Se demander ce qu’on fiche là. Ouvrir la vitre : souffle d’été, goût de feu, persistance des embrasements. Tout continue, comme si de rien n’était.
Des jeunes foncent, le A collé au cul. Des camions bariolés, prénoms en néon. Crainte d’un contrôle. Le bouchon avant le rond-point, incompréhensible. Puis soudain, ça roule. 15h à Oullins. Faut refaire le plein. Décidé de rester calme.
Le banquier sera peut-être moite. Ne pas faire un geste. Fixer un point. Ses mains. Sa bouche. Que ça pèse. Rester digne.
Les impôts : message non lu. Nouvelle lettre, plus sèche. Payez. Coup dans l’abdomen.
Urssaf, Trésor Public, la banque. Gauche, droite, crochet. Pas d’arbitre. Juste ce mot d’ordre : qu’on tombe.
Quitter le salariat ? Mal vu. On vous cogne. On vous charge. L’écho des conseils : « Prof libérale, tu peux tout déduire. » Oui. Si t’es carré. Si t’aimes la paperasse.
Mais toi, t’es le tapin du boulevard.
On parle pas du viol. Ni des coups. Ni des quinze tonnes dans la gueule. Ni des insomnies.
On dit : t’as de la chance, t’es à ton compte.
Merde.
Et en même temps, soulagement. Plus rien. Et ça suffit. Prêt à replonger.
Dans les ateliers, le don doublé. L’évasion. Le temps passe trop vite. Il fait nuit quand tu sors. Les carrosseries brillent. Une élève a oublié son sac. Son portable dedans. Tu le déposes à l’accueil, tu envoies un mail.
Tu l’imagines : chez elle, découvrant l’oubli. Une angoisse de plus.
L’inattention, c’est une fuite, bien sûr.
Palette d’Anders Zorn. Pas de bleu. Ras la casquette des bleus, des ecchymoses. Place aux terres. À la chair.
sous-conversation
… sans bruit… sans rien… juste rouler… faire comme si…
pas penser… surtout pas penser…
ça continue… toujours… le feu dans l’air…
et eux qui foncent… qui klaxonnent leur jeunesse…
le banquier… les lettres… toujours cette menace sourde…
pas de réponse… pas de regard… juste "payez"…
tu tiens… tu tiens… mais tu sais que tu vas tomber…
et pourtant… tu tiens… un peu… grâce aux autres…
à ceux qui viennent… aux élèves… aux visages… aux absences aussi…
le sac… oublié… l’angoisse… tu la sens, oui… c’est toi aussi…
et la palette… pas de bleu… trop vu… trop subi…
tu veux de la terre… du sang discret… du vrai…
pas les bleus de la guerre… pas ceux-là…
note de travail
Le texte commence comme un retrait du monde : plus de radio, plus de son.
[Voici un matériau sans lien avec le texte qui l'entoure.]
(* Let $n\ge d$, $L=\{\ell_1,\dots,\ell_n\}$, $R=\{r_1,\dots,r_d\}$, let $\mathcal{M}=(M_\sigma)$ be a linkage $(n,d)$-matching field and let $\sigma,\sigma'$ be two $d$-element subsets of $L$. If there are subsets $P\subseteq\sigma\cap\sigma'$ and $Q\subseteq R$ with $|P|=|Q|$ such that the restrictions $M_\sigma|_{P\sqcup Q}$ and $M_{\sigma'}|_{P\sqcup Q}$ (induced subgraphs on $P\sqcup Q$) are perfect matchings, then these matchings agree.
   Context: An $(n,d)$-matching field $\mathcal{M}=(M_\sigma)$ assigns to each $d$-subset $\sigma\subseteq L$ a perfect matching $M_\sigma$ between $\sigma$ and $R$. It is linkage if for every $r_i\in R$ and every $(d+1)$-subset $\tau\subseteq L$ there exist distinct $\ell_j,\ell_{j'}\in\tau$ such that $M_{\tau\setminus\{\ell_j\}}$ and $M_{\tau\setminus\{\ell_{j'}\}}$ agree everywhere except on the edges incident with $r_i$. *)

theory Defs
  imports Main
begin

definition perfect_matching :: "('a \<times> 'b) set \<Rightarrow> 'a set \<Rightarrow> 'b set \<Rightarrow> bool" where
  "perfect_matching M A B \<longleftrightarrow>
     M \<subseteq> A \<times> B \<and>
     (\<forall>a\<in>A. \<exists>!b. (a, b) \<in> M) \<and>
     (\<forall>b\<in>B. \<exists>!a. (a, b) \<in> M)"

definition restrict_graph :: "('a \<times> 'b) set \<Rightarrow> 'a set \<Rightarrow> 'b set \<Rightarrow> ('a \<times> 'b) set" where
  "restrict_graph M P Q = M \<inter> (P \<times> Q)"

definition matching_field :: "'a set \<Rightarrow> 'b set \<Rightarrow> ('a set \<Rightarrow> ('a \<times> 'b) set) \<Rightarrow> bool" where
  "matching_field L R M \<longleftrightarrow>
     (\<forall>\<sigma>. \<sigma> \<subseteq> L \<and> card \<sigma> = card R \<longrightarrow> perfect_matching (M \<sigma>) \<sigma> R)"

definition edges_avoiding :: "('a \<times> 'b) set \<Rightarrow> 'b \<Rightarrow> ('a \<times> 'b) set" where
  "edges_avoiding M r = {e \<in> M. snd e \<noteq> r}"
Mais ce silence n’est pas apaisant. Il est celui de la tension avant le combat.
Puis vient le déchaînement — administratif, institutionnel, symbolique. Les lettres non lues, les injonctions, les coups. Ce qui frappe ici, c’est la violence invisible : celle qu’on ne reconnaît pas comme telle. Celle qui ne laisse pas de traces, mais désarticule le sujet.
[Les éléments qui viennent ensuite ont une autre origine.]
lemma rk_pushout:
  assumes AB: "(A, B) \<in> car P"
  shows "rk P (A, B) = rank_formula (A, B)"
proof (rule antisym)
  show "rk P (A, B) \<le> rank_formula (A, B)"
    using rk_le_of_strict_mono[OF finite_pushout partial_order_pushout AB]
      rank_formula_strict_mono by blast
next
  have A: "A \<in> car E1" and B: "B \<in> car E2" using AB car_pushout_subset by blast+
  define a where "a = meet E1 A F1"
  define b where "b = meet E2 B F2"
  obtain l where l: "l \<in> car L" "\<iota>1 l = a" "\<iota>2 l = b"
    using AB unfolding mem_pushout_iff a_def b_def by auto
  have a: "a \<in> car E1" "leq E1 a A"
    unfolding a_def using meet_closed[OF E1 A F1_closed] meet_le1[OF E1 A F1_closed] .
  have b: "b \<in> car E2" "leq E2 b B"
    unfolding b_def using meet_closed[OF E2 B F2_closed] meet_le1[OF E2 B F2_closed] .
  have aB: "(a, B) \<in> car P"
    using mem_pushout_between1[OF AB a(1) _ a(2)] leq_refl[OF po1 a(1)] unfolding a_def by blast
  have "rk E2 b \<le> rk P (a, b)"
    using rk_pushout_diagonal_ge[OF l(1)] l(2,3) by simp
  moreover have "rk P (a, b) + (rk E2 B - rk E2 b) \<le> rk P (a, B)"
  proof (rule rk_ge_interval_embedding[where f = "\<lambda>y. (a, y)", OF finite_pushout
        partial_order_pushout E2 modular_extension_ranked[OF ext2] b(1) B b(2)])
    show "(a, y) \<in> car P" if "y \<in> car E2" "leq E2 b y" "leq E2 y B" for y
      using mem_pushout_between2[OF aB] that unfolding b_def by blast
    show "leq P (a, y) (a, y')" if "leq E2 y y'" for y y'
      using that leq_refl[OF po1 a(1)] by (simp add: leq_pushout)
  qed (simp add: inj_on_def)
  moreover have "rk P (a, B) + (rk E1 A - rk E1 a) \<le> rk P (A, B)"
  proof (rule rk_ge_interval_embedding[where f = "\<lambda>z. (z, B)", OF finite_pushout
        partial_order_pushout E1 modular_extension_ranked[OF ext1] a(1) A a(2)])
    show "(z, B) \<in> car P" if "z \<in> car E1" "leq E1 a z" "leq E1 z A" for z
      using mem_pushout_between1[OF AB] that unfolding a_def by blast
    show "leq P (z, B) (z', B)" if "leq E1 z z'" for z z'
      using that leq_refl[OF po2 B] by (simp add: leq_pushout)
  qed (simp add: inj_on_def)
  moreover have "rk E2 b \<le> rk E2 B"
    using rk_mono[OF finite_lattice_finite[OF E2] po2 b(1) B b(2)] .
  ultimately show "rank_formula (A, B) \<le> rk P (A, B)"
    unfolding rank_formula_def a_def by simp
qed

lemma mem_pushout_meet_upper:
  assumes F: "F \<in> car E1" "leq E1 F1 F" and G: "(G1, G2) \<in> car P"
  shows "(meet E1 F G1, G2) \<in> car P"
proof -
  have "G1 \<in> car E1" using G car_pushout_subset by blast
  then have "meet E1 (meet E1 F G1) F1 = meet E1 G1 F1" "meet E1 F G1 \<in> car E1"
    using meet_meet_of_le[OF E1 F(1) _ F1_closed F(2)] meet_closed[OF E1 F(1)] by blast+
  then show ?thesis using G by (simp add: mem_pushout_iff)
qed

lemma meet_pushout_upper:
  assumes F: "F \<in> car E1" "leq E1 F1 F" and G: "(G1, G2) \<in> car P"
  shows "meet P (F, top E2) (G1, G2) = (meet E1 F G1, G2)"
proof (rule meet_eqI[OF partial_order_pushout])
  have G1: "G1 \<in> car E1" and G2: "G2 \<in> car E2" using G car_pushout_subset by blast+
  note FG = meet_closed[OF E1 F(1) G1] meet_le1[OF E1 F(1) G1] meet_le2[OF E1 F(1) G1]
  have "leq E1 H (meet E1 F G1)" if "H \<in> car E1" "leq E1 H F" "leq E1 H G1" for H
    using meet_greatest[OF E1 F(1) G1] that by blast
  with mem_pushout_meet_upper[OF F G]
  show "is_glb P {(F, top E2), (G1, G2)} (meet E1 F G1, G2)"
    using FG top_greatest[OF E2 G2] leq_refl[OF po2 G2] car_pushout_subset
    unfolding is_glb_def by (auto simp: leq_pushout)
qed

lemma join_pushout_upper:
  assumes F: "F \<in> car E1" "leq E1 F1 F" and G: "(G1, G2) \<in> car P"
  shows "join P (F, top E2) (G1, G2) = (join E1 F G1, top E2)"
proof (rule join_eqI[OF partial_order_pushout])
  have G1: "G1 \<in> car E1" and G2: "G2 \<in> car E2" using G car_pushout_subset by blast+
  note FG = join_closed[OF E1 F(1) G1] join_ge1[OF E1 F(1) G1] join_ge2[OF E1 F(1) G1]
  have "leq E1 F1 (join E1 F G1)"
    using leq_trans[OF po1 F1_closed F(1) FG(1) F(2) FG(2)] .
  then have "(join E1 F G1, top E2) \<in> car P"
    using mem_pushout_upper[OF FG(1)] by blast
  moreover have "leq E1 (join E1 F G1) H" if "H \<in> car E1" "leq E1 F H" "leq E1 G1 H" for H
    using join_least[OF E1 F(1) G1] that by blast
  moreover have "leq E2 (top E2) H \<longleftrightarrow> H = top E2" if "H \<in> car E2" for H
    using that top_closed[OF E2] top_greatest[OF E2] leq_antisym[OF po2] leq_refl[OF po2] by metis
  ultimately show "is_lub P {(F, top E2), (G1, G2)} (join E1 F G1, top E2)"
    using FG top_greatest[OF E2 G2] top_closed[OF E2] leq_refl[OF po2] car_pushout_subset
    unfolding is_lub_def by (auto simp: leq_pushout)
qed

lemma rk_pushout_upper:
  assumes A: "A \<in> car E1" "leq E1 F1 A"
  shows "rk P (A, top E2) = rk E1 A - rk E1 F1 + rk E2 (top E2)"
  using rk_pushout[OF mem_pushout_upper[OF A]] meet_absorb2[OF E1 A(1) F1_closed A(2)]
  by (simp add: rank_formula_def)

lemma modular_flat_pushout:
  assumes F: "F \<in> car E1" "leq E1 F1 F" and modular: "modular_flat E1 F"
  shows "modular_flat P (F, top E2)"
  unfolding modular_flat_def
proof (intro conjI ballI)
  show "(F, top E2) \<in> car P" using mem_pushout_upper[OF F] .
  fix G assume "G \<in> car P"
  then obtain G1 G2 where G_eq: "G = (G1, G2)" and G: "(G1, G2) \<in> car P" by (cases G) blast
  have G1: "G1 \<in> car E1" using G car_pushout_subset by blast
  note FG = meet_closed[OF E1 F(1) G1] join_closed[OF E1 F(1) G1]
  note rk_mono1 = rk_mono[OF finite_lattice_finite[OF E1] po1]
  have F1_le_join: "leq E1 F1 (join E1 F G1)"
    using leq_trans[OF po1 F1_closed F(1) FG(2) F(2) join_ge1[OF E1 F(1) G1]] .
  have meet_F1: "meet E1 (meet E1 F G1) F1 = meet E1 G1 F1"
    using meet_meet_of_le[OF E1 F(1) G1 F1_closed F(2)] .
  have "rk P (meet P (F, top E2) G) = rk E1 (meet E1 F G1) - rk E1 (meet E1 G1 F1) + rk E2 G2"
    using rk_pushout[OF mem_pushout_meet_upper[OF F G]] meet_F1
    unfolding G_eq meet_pushout_upper[OF F G] by (simp add: rank_formula_def)
  moreover have "rk P (join P (F, top E2) G) = rk E1 (join E1 F G1) - rk E1 F1 + rk E2 (top E2)"
    unfolding G_eq join_pushout_upper[OF F G] using rk_pushout_upper[OF FG(2) F1_le_join] .
  moreover have "rk P G = rk E1 G1 - rk E1 (meet E1 G1 F1) + rk E2 G2"
    unfolding G_eq using rk_pushout[OF G] by (simp add: rank_formula_def)
  moreover have "rk E1 (meet E1 G1 F1) \<le> rk E1 (meet E1 F G1)"
    using rk_mono1[OF meet_closed[OF E1 FG(1) F1_closed] FG(1) meet_le1[OF E1 FG(1) F1_closed]]
    unfolding meet_F1 .
  moreover have "rk E1 F1 \<le> rk E1 (join E1 F G1)"
    using rk_mono1[OF F1_closed FG(2) F1_le_join] .
  moreover have "rk E1 (meet E1 G1 F1) \<le> rk E1 G1"
    using rk_mono1[OF meet_closed[OF E1 G1 F1_closed] G1 meet_le1[OF E1 G1 F1_closed]] .
  moreover have "rk E1 (meet E1 F G1) + rk E1 (join E1 F G1) = rk E1 F + rk E1 G1"
    using modular G1 unfolding modular_flat_def by blast
  ultimately show "rk P (meet P (F, top E2) G) + rk P (join P (F, top E2) G) =
      rk P (F, top E2) + rk P G"
    using rk_pushout_upper[OF F] rk_mono1[OF F1_closed F(1) F(2)] by linarith
qed

end

theorem lemma4:
  fixes L :: "'l poset" and E1 :: "'a poset" and E2 :: "'b poset"
    and \<iota>1 :: "'l \<Rightarrow> 'a" and \<iota>2 :: "'l \<Rightarrow> 'b" and F :: 'a
  assumes "geometric_lattice L" and "nontrivial L"
    and "modular_extension L E1 \<iota>1" and "modular_extension L E2 \<iota>2"
    and "F \<in> car E1" and "leq E1 (Fi L \<iota>1) F"
    and "modular_flat E1 F"
  shows "modular_flat (pushout L E1 \<iota>1 E2 \<iota>2) (F, top E2)"
proof -
  have "finite_lattice L" using assms(1) by (simp add: geometric_lattice_def)
  then interpret modular_pushout L E1 \<iota>1 E2 \<iota>2
    using assms(3,4) by unfold_locales
  show ?thesis using modular_flat_pushout assms(5-7) by blast
qed

end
Il y a une rage immense, étouffée sous la dignité. La dignité devient ici une stratégie de survie. Fixer un point. Ne pas céder. Ne pas donner prise. Ne pas hurler.
Mais la fissure est là. Dans ce "merde" seul, en italique d’âme. Dans ce basculement qui suit : la réhabilitation par le geste, par l’atelier, par la transmission. Le soulagement tient à peu. À la lumière sur les carrosseries. À une élève qui oublie son sac.
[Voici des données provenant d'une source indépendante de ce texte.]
lemma derives_Bot_by_cases:
  assumes M: "M \<subseteq> {a. wf a}"
    and "derives (insert a M) Bot" and "derives (insert (Neg a) M) Bot"
  shows "derives M Bot"
proof -
  obtain L1 L2 where L1: "set L1 \<subseteq> insert a M" "sbthm (foldr Imp L1 Bot)"
    and L2: "set L2 \<subseteq> insert (Neg a) M" "sbthm (foldr Imp L2 Bot)"
    using assms(2,3) by (auto simp: derives_def)
  define L where "L = filter (\<lambda>x. x \<noteq> a) L1 @ filter (\<lambda>x. x \<noteq> Neg a) L2"
  have LM: "set L \<subseteq> M" unfolding L_def using L1 L2 by auto
  have "sbthm (foldr Imp L Bot)"
  proof (rule sbthm_tautological_consequence[of "[foldr Imp L1 Bot, foldr Imp L2 Bot]"])
    show "wf (foldr Imp L Bot)" using LM M by (auto simp: wf_foldr_Imp)
    fix v
    assume "\<forall>x\<in>set [foldr Imp L1 Bot, foldr Imp L2 Bot]. eval v x"
    then show "eval v (foldr Imp L Bot)"
      by (cases "eval v a") (auto simp: eval_foldr_Imp L_def)
  qed (use L1 L2 in auto)
  then show ?thesis using LM by (auto simp: derives_def)
qed

lemma maximal_consistent_imp_MCS:
  assumes M: "M \<subseteq> {a. wf a}" and cons: "\<not> derives M Bot"
    and max: "\<And>b. wf b \<Longrightarrow> b \<notin> M \<Longrightarrow> derives (insert b M) Bot"
  shows "MCS M"
  unfolding MCS_def
proof (intro conjI allI impI M cons)
  fix a
  assume "wf a"
  then show "a \<in> M \<or> Neg a \<in> M"
    using derives_Bot_by_cases[OF M] max[of a] max[of "Neg a"] cons by auto
qed

lemma lindenbaum:
  assumes "S \<subseteq> {a. wf a}" and "\<not> derives S Bot"
  obtains D where "MCS D" and "S \<subseteq> D"
proof -
  define A where "A = {X. S \<subseteq> X \<and> X \<subseteq> {a. wf a} \<and> \<not> derives X Bot}"
  have "\<exists>M\<in>A. \<forall>X\<in>A. M \<subseteq> X \<longrightarrow> X = M"
  proof (rule subset_Zorn_nonempty)
    show "A \<noteq> {}" using assms unfolding A_def by auto
  next
    fix C
    assume C: "C \<noteq> {}" "subset.chain A C"
    then have "C \<subseteq> A" by (simp add: subset_chain_def)
    moreover have "\<not> derives (\<Union>C) Bot"
    proof
      assume "derives (\<Union>C) Bot"
      then obtain X where "X \<in> C" and "derives X Bot"
        using derives_Union_chain[OF _ C] by blast
      then show False using \<open>C \<subseteq> A\<close> by (auto simp: A_def)
    qed
    ultimately show "\<Union>C \<in> A" using C(1) by (auto simp: A_def)
  qed
  then obtain M where "M \<in> A" and max: "\<forall>X\<in>A. M \<subseteq> X \<longrightarrow> X = M" by auto
  have "MCS M"
  proof (rule maximal_consistent_imp_MCS)
    show "M \<subseteq> {a. wf a}" and "\<not> derives M Bot" using \<open>M \<in> A\<close> by (auto simp: A_def)
    fix b
    assume "wf b" and "b \<notin> M"
    then have "insert b M \<notin> A" using max by blast
    then show "derives (insert b M) Bot" using \<open>M \<in> A\<close> \<open>wf b\<close> by (auto simp: A_def)
  qed
  then show thesis using that \<open>M \<in> A\<close> by (auto simp: A_def)
qed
C’est cela la beauté du texte : il ne cherche pas à dire qu’on va s’en sortir. Il montre comment on continue. Malgré tout. Même avec l’angoisse. Même avec l’inattention.
Et la dernière phrase est sublime. Refus du bleu. Refus des hématomes. Refus du drapeau. Juste les couleurs du corps. De la terre.
De ce qui tient encore, quand tout le reste s’effondre.